Quadratic Speedups in Parallel Sampling from Determinantal Distributions

We study the problem of parallelizing sampling from distributions related to determinants: symmetric, nonsymmetric, and partition-constrained determinantal point processes, as well as planar perfect matchings. For these distributions, the partition function, a.k.a. the count, can be obtained via matrix determinants, a highly parallelizable computation; Csanky proved it is in NC. However, parallel counting does not automatically translate to parallel sampling, as classic reductions between the two are inherently sequential. We show that a nearly quadratic parallel speedup over sequential sampling can be achieved for all the aforementioned distributions. If the distribution is supported on subsets of size $k$ of a ground set, we show how to approximately produce a sample in $\widetilde{O}(k^{\frac{1}{2} + c})$ time with polynomially many processors for any constant $c>0$. In the two special cases of symmetric determinantal point processes and planar perfect matchings, our bound improves to $\widetilde{O}(\sqrt k)$ and we show how to sample exactly in these cases. As our main technical contribution, we fully characterize the limits of batching for the steps of sampling-to-counting reductions. We observe that only $O(1)$ steps can be batched together if we strive for exact sampling, even in the case of nonsymmetric determinantal point processes. However, we show that for approximate sampling, $\widetilde{\Omega}(k^{\frac{1}{2}-c})$ steps can be batched together, for any entropically independent distribution, which includes all mentioned classes of determinantal point processes. Entropic independence and related notions have been the source of breakthroughs in Markov chain analysis in recent years, so we expect our framework to prove useful for distributions beyond those studied in this work.

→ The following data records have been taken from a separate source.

text \<open>A walk is a nonempty vertex list of V with consecutive vertices adjacent;
  its length (number of edges) is length xs - 1.\<close>
definition walk :: "'a set \<Rightarrow> ('a \<Rightarrow> 'a \<Rightarrow> bool) \<Rightarrow> 'a list \<Rightarrow> bool" where
  "walk V E xs \<longleftrightarrow> xs \<noteq> [] \<and> set xs \<subseteq> V \<and>
     (\<forall>i. Suc i < length xs \<longrightarrow> E (xs ! i) (xs ! Suc i))"

definition walk_between :: "'a set \<Rightarrow> ('a \<Rightarrow> 'a \<Rightarrow> bool) \<Rightarrow> 'a \<Rightarrow> 'a \<Rightarrow> 'a list \<Rightarrow> bool" where
  "walk_between V E u v xs \<longleftrightarrow> walk V E xs \<and> hd xs = u \<and> last xs = v"

definition connected_graph :: "'a set \<Rightarrow> ('a \<Rightarrow> 'a \<Rightarrow> bool) \<Rightarrow> bool" where
  "connected_graph V E \<longleftrightarrow> (\<forall>u\<in>V. \<forall>v\<in>V. \<exists>xs. walk_between V E u v xs)"

definition dist :: "'a set \<Rightarrow> ('a \<Rightarrow> 'a \<Rightarrow> bool) \<Rightarrow> 'a \<Rightarrow> 'a \<Rightarrow> nat" where
  "dist V E u v = (LEAST n. \<exists>xs. walk_between V E u v xs \<and> length xs = Suc n)"

definition diam :: "'a set \<Rightarrow> ('a \<Rightarrow> 'a \<Rightarrow> bool) \<Rightarrow> nat" where
  "diam V E = Max {dist V E u v | u v. u \<in> V \<and> v \<in> V}"

definition geodesic :: "'a set \<Rightarrow> ('a \<Rightarrow> 'a \<Rightarrow> bool) \<Rightarrow> 'a \<Rightarrow> 'a \<Rightarrow> 'a list \<Rightarrow> bool" where
  "geodesic V E u v xs \<longleftrightarrow> walk_between V E u v xs \<and> length xs = Suc (dist V E u v)"

definition k_packing :: "'a set \<Rightarrow> ('a \<Rightarrow> 'a \<Rightarrow> bool) \<Rightarrow> nat \<Rightarrow> 'a set \<Rightarrow> bool" where
  "k_packing V E k S \<longleftrightarrow> S \<subseteq> V \<and> (\<forall>u\<in>S. \<forall>v\<in>S. u \<noteq> v \<longrightarrow> dist V E u v > k)"

definition gp_set :: "'a set \<Rightarrow> ('a \<Rightarrow> 'a \<Rightarrow> bool) \<Rightarrow> 'a set \<Rightarrow> bool" where
  "gp_set V E S \<longleftrightarrow> S \<subseteq> V \<and> (\<forall>x\<in>S. \<forall>y\<in>S. \<forall>z\<in>S. x \<noteq> y \<and> y \<noteq> z \<and> x \<noteq> z \<longrightarrow>
     \<not> (\<exists>u v xs. geodesic V E u v xs \<and> x \<in> set xs \<and> y \<in> set xs \<and> z \<in> set xs))"

end

theory Submission imports Defs begin

(* A geodesic realises every distance between its vertices exactly, so three pairwise
   (k+1)-separated vertices on one geodesic span distance at least 2k+2; hence if the
   diameter is at most 2k+1, no three vertices of a k-packing share a geodesic.
   Conversely, a diametral geodesic of length at least 2k+2 carries the k-packing formed
   by its vertices at positions 0, k+1 and 2k+2, which is not in general position. *)

lemma walk_iff_successively:
  "walk V E xs \<longleftrightarrow> xs \<noteq> [] \<and> set xs \<subseteq> V \<and> successively E xs"
  unfolding walk_def successively_conv_nth by blast

lemma successively_take: "successively P xs \<Longrightarrow> successively P (take n xs)"
  by (metis append_take_drop_id successively_append_iff)

lemma successively_drop: "successively P xs \<Longrightarrow> successively P (drop n xs)"
  by (metis append_take_drop_id successively_append_iff)

lemma walk_between_segment:
  assumes "walk V E xs" "i \<le> j" "j < length xs"
  shows "walk_between V E (xs ! i) (xs ! j) (drop i (take (Suc j) xs))"
proof -
  let ?ys = "drop i (take (Suc j) xs)"
  have "length ?ys = Suc j - i" using assms(3) by simp
  moreover have "set ?ys \<subseteq> set xs" by (meson in_set_dropD in_set_takeD subsetI)
  moreover have "successively E ?ys"
    using assms(1) by (simp add: walk_iff_successively successively_take successively_drop)
  ultimately show ?thesis
    using assms by (auto simp: walk_between_def walk_iff_successively hd_drop_conv_nth last_conv_nth)
qed

lemma walk_between_append:
  assumes "walk_between V E a b p" "walk_between V E b c q"
  shows "walk_between V E a c (p @ tl q)"
proof -
  obtain q' where q: "q = b # q'"
    using assms(2) unfolding walk_between_def walk_def by (metis list.collapse)
  have "successively E (p @ q')"
    using assms q
    by (auto simp: walk_between_def walk_iff_successively successively_append_iff successively_Cons)
  then show ?thesis
    using assms q by (auto simp: walk_between_def walk_iff_successively)
qed

lemma walk_between_rev:
  assumes "\<forall>u v. E u v \<longrightarrow> E v u" "walk_between V E u v xs"
  shows "walk_between V E v u (rev xs)"
proof -
  have "successively (\<lambda>x y. E y x) xs"
    using assms by (auto simp: walk_between_def walk_iff_successively elim: successively_mono)
  then show ?thesis
    using assms(2) by (simp add: walk_between_def walk_iff_successively hd_rev last_rev)
qed

lemma dist_le_walk_length:
  assumes "walk_between V E u v xs"
  shows "dist V E u v \<le> length xs - 1"
proof -
  have "xs \<noteq> []" using assms unfolding walk_between_def walk_def by simp
  then have "\<exists>ys. walk_between V E u v ys \<and> length ys = Suc (length xs - 1)"
    using assms by auto
  then show ?thesis unfolding dist_def by (rule Least_le)
qed

lemma dist_self: "u \<in> V \<Longrightarrow> dist V E u u = 0"
  using dist_le_walk_length[of V E u u "[u]"] by (simp add: walk_between_def walk_def)

lemma geodesic_exists:
  assumes "connected_graph V E" "u \<in> V" "v \<in> V"
  obtains xs where "geodesic V E u v xs"
proof -
  obtain xs where xs: "walk_between V E u v xs"
    using assms unfolding connected_graph_def by blast
  then have "\<exists>n ys. walk_between V E u v ys \<and> length ys = Suc n"
    unfolding walk_between_def walk_def by (metis length_Suc_conv neq_Nil_conv)
  then have "\<exists>ys. walk_between V E u v ys \<and> length ys = Suc (dist V E u v)"
    unfolding dist_def by (rule LeastI_ex)
  then show ?thesis using that unfolding geodesic_def by blast
qed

翻译：我们研究了与行列式相关分布并行采样的问题：包括对称、非对称和分区约束的行列式点过程，以及平面完美匹配。对于这些分布，配分函数（即计数值）可通过矩阵行列式获得，而矩阵行列式计算是高度可并行化的；Csanky已证明该问题属于NC复杂度类。然而，并行计数并不能自动转化为并行采样，因为两类经典归约本质上具有顺序性。我们证明，对于上述所有分布，均能实现较顺序采样近乎二次的并行加速。若分布定义在基集大小为$k$的子集上，我们展示了如何用多项式个处理器在$\widetilde{O}(k^{\frac{1}{2} + c})$时间内近似生成一个样本，其中$c>0$为任意常数。在对称行列式点过程和平面完美匹配这两个特例中，我们的界改进为$\widetilde{O}(\sqrt k)$，并展示了这些情况下如何实现精确采样。作为主要技术贡献，我们完整刻画了采样-计数归约步骤中批处理能力的极限。我们观察到，对于非对称行列式点过程，若寻求精确采样，最多只能将$O(1)$步合并为一批。然而，对于任意熵独立分布（包括所有已提及的行列式点过程类别），我们证明在近似采样中可将$\widetilde{\Omega}(k^{\frac{1}{2}-c})$步合并为一批。熵独立性及相关概念近年来已成为马尔可夫链分析领域的突破性进展来源，我们预期该框架将能够应用于本文研究范围之外的其他分布。